Uma pessoa que tenha crescido na cultura ocidental provavelmente não terá uma reação muito positiva à menção de insetos: a primeira coisa que viria à sua cabeça seria o inconveniente zumbido de um mosquito, que parece saber exatamente quando será aquela prova importante que requer uma boa noite de sono, ou as temíveis baratas, que, bom… dispensam explicações.
Porém, muito mais que meras inconveniências cotidianas (ou erros da natureza, como pensam os mais extremistas), os insetos são, na verdade, fontes bastante promissoras de diversos compostos de interesse, que já estão sendo aplicados no mercado de alimentos (e com um potencial incrível em vários outros).
Pequenos em tamanho, grandes em conteúdo, gigantes em população
Os insetos são ricos em nutrientes, especialmente proteínas e lipídeos; o conteúdo dessas substâncias varia entre as espécies e durante a fase de desenvolvimento. Eles possuem inúmeras vantagens quando comparados ao gado de corte, a fonte mais tradicional de proteínas, incluindo a alta taxa de reprodução, curto ciclo de vida e maior taxa de conversão alimentar. Também apresentam-se como um potencial mais ecológico, pois necessitam de menores quantidades de água, energia e terras agrícolas, e geram menores quantidade de gases do efeito estufa.

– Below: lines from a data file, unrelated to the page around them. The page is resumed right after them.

lemma invariant_uminus:
  assumes "\<forall>w\<in>weyl_group R. \<forall>\<alpha>\<in>R. g (w \<alpha>) = g \<alpha>" "\<alpha> \<in> R"
  shows "g (- \<alpha>) = g \<alpha>"
  using assms refl_in_weyl_group refl_self[OF root_nonzero] by metis

end

lemma expo_add: "expo (a + b) x = expo a x * expo b x"
  unfolding expo_def by (simp add: inner_add_left distrib_left exp_add)

lemma expo_nonzero: "expo a x \<noteq> 0"
  unfolding expo_def by simp

lemma expo_uminus_mult: "expo (- a) x * expo a x = 1"
  using expo_add[of "- a" a x] by (simp add: expo_def)

lemma expo_diff_scaleR_nat: "expo (a - real k *\<^sub>R b) x = expo a x * expo (- b) x ^ k"
  using expo_add[of a "real k *\<^sub>R (- b)" x]
  by (simp add: expo_def exp_of_nat_mult[symmetric] mult_ac)

definition hyp_coeff :: "'a::euclidean_space \<Rightarrow> 'a \<Rightarrow> complex" where
  "hyp_coeff x \<alpha> = (1 + expo (- \<alpha>) x) / (1 - expo (- \<alpha>) x)"

lemma hyp_coeff_uminus:
  assumes "expo (- \<alpha>) x \<noteq> 1"
  shows "hyp_coeff x (- \<alpha>) = - hyp_coeff x \<alpha>"
proof -
  define q where "q = expo (- \<alpha>) x"
  have q: "q \<noteq> 0" "1 - q \<noteq> 0" "q - 1 \<noteq> 0"
    using assms expo_nonzero unfolding q_def by auto
  have e: "expo \<alpha> x = inverse q"
    using expo_uminus_mult[of \<alpha> x] unfolding q_def by (simp add: inverse_unique)
  show ?thesis
    unfolding hyp_coeff_def minus_minus q_def[symmetric] e using q by (simp add: field_simps)
qed

lemma geometric_ratio_identity:
  fixes q :: "'b::field"
  assumes "q \<noteq> 1" "k \<ge> 1"
  shows "(1 + q) / (1 - q) * (1 - q ^ k) = 1 + q ^ k + 2 * (\<Sum>j\<in>{1..<k}. q ^ j)"
proof -
  have "(1 + q) * (1 - q ^ Suc n) = (1 - q) * (1 + q ^ Suc n + 2 * (\<Sum>j\<in>{1..<Suc n}. q ^ j))" for n
    by (induction n) (simp_all add: algebra_simps)
  moreover obtain n where "k = Suc n" using assms(2) by (cases k) auto
  moreover have "1 - q \<noteq> 0" using assms(1) by simp
  ultimately show ?thesis by (simp add: field_simps)
qed

lemma hyp_coeff_mult_diff:
  assumes "expo (- \<gamma>) x \<noteq> 1" "k \<ge> 1"
  shows "hyp_coeff x \<gamma> * (expo \<mu> x - expo (\<mu> - real k *\<^sub>R \<gamma>) x)
    = expo \<mu> x + expo (\<mu> - real k *\<^sub>R \<gamma>) x + 2 * (\<Sum>j\<in>{1..<k}. expo (\<mu> - real j *\<^sub>R \<gamma>) x)"
proof -
  define q where "q = expo (- \<gamma>) x"
  have "hyp_coeff x \<gamma> * (expo \<mu> x - expo (\<mu> - real k *\<^sub>R \<gamma>) x)
      = expo \<mu> x * ((1 + q) / (1 - q) * (1 - q ^ k))"
    unfolding hyp_coeff_def expo_diff_scaleR_nat q_def
    by (metis mult.left_commute mult.right_neutral right_diff_distrib)
  also have "\<dots> = expo \<mu> x * (1 + q ^ k + 2 * (\<Sum>j\<in>{1..<k}. q ^ j))"
    using geometric_ratio_identity[of q k] assms unfolding q_def by simp
  finally show ?thesis
    unfolding expo_diff_scaleR_nat q_def by (simp add: algebra_simps sum_distrib_left)
qed

lemma sum_symmetric_fold:
  fixes A :: "nat \<Rightarrow> 'b::semiring_1"
  assumes "\<And>j. 1 \<le> j \<Longrightarrow> j < k \<Longrightarrow> A (k - j) = A j"
  shows "(\<Sum>j\<in>{1..<k}. A j) = (\<Sum>l\<in>{1..k div 2}. (if 2 * l = k then 1 else 2) * A l)"
proof -
  let ?fold = "\<lambda>j. min j (k - j)"
  have image: "?fold ` {1..<k} = {1..k div 2}"
  proof
    show "?fold ` {1..<k} \<subseteq> {1..k div 2}"
      by (auto simp: min_def)
    show "{1..k div 2} \<subseteq> ?fold ` {1..<k}"
    proof
      fix l assume "l \<in> {1..k div 2}"
      then have "?fold l = l" "l \<in> {1..<k}" by (auto simp: min_def)
      then show "l \<in> ?fold ` {1..<k}" by (metis image_eqI)
    qed
  qed
  have fibre: "{j \<in> {1..<k}. ?fold j = l} = {l, k - l}" if "l \<in> {1..k div 2}" for l
    using that by (intro set_eqI) (simp add: min_def, arith)
  have "(\<Sum>j\<in>{1..<k}. A j) = (\<Sum>l\<in>{1..k div 2}. \<Sum>j\<in>{j \<in> {1..<k}. ?fold j = l}. A j)"
    unfolding image[symmetric] by (rule sum.image_gen) simp
  also have "\<dots> = (\<Sum>l\<in>{1..k div 2}. (if 2 * l = k then 1 else 2) * A l)"
  proof (intro sum.cong refl)
    fix l assume l: "l \<in> {1..k div 2}"
    then have "A (k - l) = A l" using assms by auto
    then show "(\<Sum>j\<in>{j \<in> {1..<k}. ?fold j = l}. A j) = (if 2 * l = k then 1 else 2) * A l"
      unfolding fibre[OF l] by (cases "2 * l = k") (auto simp: mult_2)
  qed
  finally show ?thesis .
qed

lemma ev_eq_sum_superset:
  "finite S \<Longrightarrow> {\<mu>. p \<mu> \<noteq> 0} \<subseteq> S \<Longrightarrow> ev p x = (\<Sum>\<mu>\<in>S. complex_of_real (p \<mu>) * expo \<mu> x)"
  unfolding ev_def by (rule sum.mono_neutral_left) auto

context root_sys
begin

lemma finite_orbit: "finite ((\<lambda>w. w \<nu>) ` weyl_group R)"
  using finite_weyl_group by blast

Todos esses fatores fazem com que a biomassa obtida no cultivo de grilos seja elevada em quantidade e relativamente fácil de ser obtida; além disso, muitos insetos conseguem crescer se alimentando de resíduos orgânicos, o que aumenta as vantagens da utilização desses organismos como matéria-prima com custo reduzido para a obtenção de compostos de interesse.
Mercado crescente
O mercado global de insetos atingirá o valor de 7,9 bilhões de dólares em 2030, segundo as projeções de ResearchAndMarkets.com. Esse mercado engloba a produção de insetos diretamente para o consumo humano ou animal e seus derivados, como farinha de insetos, barras e shakes de proteína, bebidas, entre outros.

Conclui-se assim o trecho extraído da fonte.